__PROBLEM__.
Please set down exactly the lines of the listing below from the line containing "unfolding is_linear_def by" through the line containing "inv f (f (inv", both lines included, leaving out all other lines.

--- START ---

lemma card_cheap_covers_le_four_power:
  assumes "finite F" "k \<ge> 1" "0 < t" "t \<le> T"
    and expensive: "\<And>v R. v \<in> A \<Longrightarrow> R \<in> F \<Longrightarrow> v \<in> R \<Longrightarrow>
                      36 * ln (real (card F)) * (T / real k) \<le> c R"
  shows "real (card (cheap_covers F c t A)) \<le> 4 ^ k"
proof (rule card_subfamilies_le_four_power[OF \<open>finite F\<close> \<open>k \<ge> 1\<close>])
  fix G assume G: "G \<in> cheap_covers F c t A"
  have "real (card G) * (36 * ln (real (card F)) * (T / real k)) \<le> sum c G"
  proof (rule sum_bounded_below)
    fix R assume "R \<in> G"
    then have "R \<in> F" "R \<inter> A \<noteq> {}" using G by (auto simp: cheap_covers_def)
    moreover obtain v where "v \<in> R" "v \<in> A" using \<open>R \<inter> A \<noteq> {}\<close> by blast
    ultimately show "36 * ln (real (card F)) * (T / real k) \<le> c R" using expensive by blast
  qed
  also have "\<dots> \<le> T" using G \<open>t \<le> T\<close> by (simp add: cheap_covers_def)
  finally have "real (card G) * (36 * ln (real (card F))) * T \<le> real k * T"
    using \<open>k \<ge> 1\<close> by (simp add: field_simps)
  then show "real (card G) * (36 * ln (real (card F))) \<le> real k"
    using \<open>0 < t\<close> \<open>t \<le> T\<close> by simp
qed (auto simp: cheap_covers_def)

lemma charge_power_le_card_cheap_covers:
  assumes inst: "rsc_instance U F c lam k" and "k \<le> card U"
    and feas: "rsc_feasible U F k E0 ED"
    and second_stage: "\<And>D. D \<in> scenarios U k \<Longrightarrow> sum c (ED D) \<le> t"
    and A: "A \<subseteq> U - \<Union>E0" and p_nonneg: "\<And>e. e \<in> A \<Longrightarrow> 0 \<le> p e" and "0 \<le> H"
    and charge: "\<And>G. G \<subseteq> F \<Longrightarrow> (\<Sum>e\<in>A \<inter> \<Union>G. p e) \<le> H * sum c G"
  shows "(\<Sum>e\<in>A. p e) ^ k \<le> real (card (cheap_covers F c t A)) * (H * t) ^ k"
proof (rule sum_power_le_card_mul_power[where B = Union])
  have "finite U" "finite F" using inst by (auto simp: rsc_instance_def)
  show "finite A" using A \<open>finite U\<close> by (meson Diff_subset finite_subset subset_trans)
  show "finite (cheap_covers F c t A)" using \<open>finite F\<close> by (rule finite_cheap_covers)
  show "0 \<le> p e" if "e \<in> A" for e using that by (rule p_nonneg)
next
  fix g assume "g \<in> PiE {..<k} (\<lambda>_. A)"
  then have "g ` {..<k} \<subseteq> A" by (auto simp: PiE_iff)
  then have uncovered: "g ` {..<k} \<subseteq> U - \<Union>E0" using A by blast
  have "card (g ` {..<k}) \<le> k" using card_image_le[of "{..<k}" g] by simp
  then obtain G where G: "G \<subseteq> F" "sum c G \<le> t" "g ` {..<k} \<subseteq> \<Union>G"
    "\<forall>R\<in>G. R \<inter> g ` {..<k} \<noteq> {}"
    using rsc_feasible_covers_small_set[OF inst \<open>k \<le> card U\<close> feas second_stage uncovered]
    by blast
  have "\<forall>R\<in>G. R \<inter> A \<noteq> {}"
    using G(4) Int_mono[OF order_refl \<open>g ` {..<k} \<subseteq> A\<close>] by fast
  then have "G \<in> cheap_covers F c t A" using G(1,2) by (simp add: cheap_covers_def)
  then show "\<exists>G\<in>cheap_covers F c t A. g ` {..<k} \<subseteq> \<Union>G" using G(3) by blast
next
  fix G assume "G \<in> cheap_covers F c t A"
  then have "G \<subseteq> F" "sum c G \<le> t" by (auto simp: cheap_covers_def)
  then show "(\<Sum>e\<in>A \<inter> \<Union>G. p e) \<le> H * t"
    using charge[of G] mult_left_mono[OF _ \<open>0 \<le> H\<close>, of "sum c G" t] by linarith
qed
lemma linear_sum: "is_linear F \<Longrightarrow> F (sum f A) = (\<Sum>x\<in>A. F (f x))"
  by (induction A rule: infinite_finite_induct) (auto simp: linear_add linear_zero)

lemma linear_lin: "is_linear F \<Longrightarrow> F (lin f v) = lin (\<lambda>x. F (f x)) v"
  by (simp add: lin_def linear_sum linear_pm_scale)

lemma lin_lin: "lin g (lin f v) = lin (\<lambda>x. lin g (f x)) v"
  by (rule linear_lin) simp

lemma linear_eq_lin_bv: "is_linear F \<Longrightarrow> F v = lin (\<lambda>x. F (bv x)) v"
  using linear_lin[of F bv v] by simp

lemma linear_eq_on_bv:
  "is_linear F \<Longrightarrow> is_linear G \<Longrightarrow> (\<And>x. F (bv x) = G (bv x)) \<Longrightarrow> F v = G v"
  by (subst (1 2) linear_eq_lin_bv) simp_all

lemma linear_id [simp]: "is_linear (\<lambda>x. x)"
  by (simp add: is_linear_def)

lemma linear_comp: "is_linear F \<Longrightarrow> is_linear f \<Longrightarrow> is_linear (\<lambda>x. F (f x))"
  by (simp add: is_linear_def)

lemma linear_lin_comp [simp]: "is_linear f \<Longrightarrow> is_linear (\<lambda>x. lin g (f x))"
  using linear_comp[OF is_linear_lin] by blast

lemma linear_lin_fun [simp]: "(\<And>p. is_linear (\<lambda>x. g x p)) \<Longrightarrow> is_linear (\<lambda>x. lin (g x) v)"
  unfolding is_linear_def lin_def
  by (simp add: pm_scale_add_right sum.distrib pm_scale_sum mult.commute)

lemma linear_pm_scale_const [simp]: "is_linear (pm_scale c)"
  unfolding is_linear_def by (auto simp: pm_scale_add_right mult.commute)

lemma lin_auto_inv:
  assumes "lin_auto f"
  shows "is_linear (inv f)" "f (inv f x) = x" "inv f (f x) = x" "lin_auto (inv f)"
proof -
  have b: "bij f" and l: "is_linear f" using assms by (auto simp: lin_auto_def)
  have fi: "f (inv f y) = y" for y using b by (simp add: bij_is_surj surj_f_inv_f)
  have iff: "inv f (f y) = y" for y using b by (simp add: bij_is_inj inv_f_f)
  show "f (inv f x) = x" "inv f (f x) = x" using fi iff by auto
  show il: "is_linear (inv f)"
    unfolding is_linear_def
  proof (intro conjI allI)
    fix u v
    have "inv f (u + v) = inv f (f (inv f u) + f (inv f v))" by (simp add: fi)
    also have "\<dots> = inv f u + inv f v" by (simp add: linear_add[OF l, symmetric] iff)
    finally show "inv f (u + v) = inv f u + inv f v" .
  next
    fix c u
    have "inv f (pm_scale c u) = inv f (pm_scale c (f (inv f u)))" by (simp add: fi)
    also have "\<dots> = pm_scale c (inv f u)" by (simp add: linear_pm_scale[OF l, symmetric] iff)
    finally show "inv f (pm_scale c u) = pm_scale c (inv f u)" .
  qed
  show "lin_auto (inv f)" using il b by (simp add: lin_auto_def bij_imp_bij_inv)
qed

lemma hpow_closed:
  assumes "Q (\<lambda>x. x)" "Q f" "Q (inv f)" "\<And>g h. Q g \<Longrightarrow> Q h \<Longrightarrow> Q (\<lambda>x. g (h x))"
  shows "Q (hpow f m)"
proof -
  have "Q (g ^^ n)" if "Q g" for g n
    using that by (induction n) (simp_all add: assms(1,4) id_def comp_def)
  then show ?thesis unfolding hpow_def using assms(2,3) by simp
qed

lemma linfun_add: "is_linfun f \<Longrightarrow> f (u + v) = f u + f v"
  by (simp add: is_linfun_def)

lemma linfun_pm_scale: "is_linfun f \<Longrightarrow> f (pm_scale c u) = c * f u"
  by (simp add: is_linfun_def)

lemma linfun_zero: "is_linfun f \<Longrightarrow> f 0 = 0"
  using linfun_pm_scale[of f 0 0] by simp

lemma linfun_sum: "is_linfun f \<Longrightarrow> f (sum g A) = (\<Sum>x\<in>A. f (g x))"
  by (induction A rule: infinite_finite_induct) (auto simp: linfun_add linfun_zero)

lemma linfun_lin:
  "is_linfun f \<Longrightarrow> f (lin g v) = (\<Sum>x\<in>Poly_Mapping.keys v. Poly_Mapping.lookup v x * f (g x))"
  by (simp add: lin_def linfun_sum linfun_pm_scale)

lemma linfun_eq_on_bv: "is_linfun f \<Longrightarrow> is_linfun g \<Longrightarrow> (\<And>x. f (bv x) = g (bv x)) \<Longrightarrow> f v = g v"
  using linfun_lin[of f bv v] linfun_lin[of g bv v] by simp

lemma linfun_comp: "is_linfun f \<Longrightarrow> is_linear F \<Longrightarrow> is_linfun (\<lambda>x. f (F x))"
  by (simp add: is_linfun_def is_linear_def)

lemma linfun_mult_right: "is_linfun f \<Longrightarrow> is_linfun (\<lambda>x. f x * c)"
  by (simp add: is_linfun_def algebra_simps)

lemma linfun_mult_left: "is_linfun f \<Longrightarrow> is_linfun (\<lambda>x. c * f x)"
  by (simp add: is_linfun_def algebra_simps)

--- END ---

__SOLUTION TO THE PROBLEM__.
  unfolding is_linear_def by (auto simp: pm_scale_add_right mult.commute)

lemma lin_auto_inv:
  assumes "lin_auto f"
  shows "is_linear (inv f)" "f (inv f x) = x" "inv f (f x) = x" "lin_auto (inv f)"
proof -
  have b: "bij f" and l: "is_linear f" using assms by (auto simp: lin_auto_def)
  have fi: "f (inv f y) = y" for y using b by (simp add: bij_is_surj surj_f_inv_f)
  have iff: "inv f (f y) = y" for y using b by (simp add: bij_is_inj inv_f_f)
  show "f (inv f x) = x" "inv f (f x) = x" using fi iff by auto
  show il: "is_linear (inv f)"
    unfolding is_linear_def
  proof (intro conjI allI)
    fix u v
    have "inv f (u + v) = inv f (f (inv f u) + f (inv f v))" by (simp add: fi)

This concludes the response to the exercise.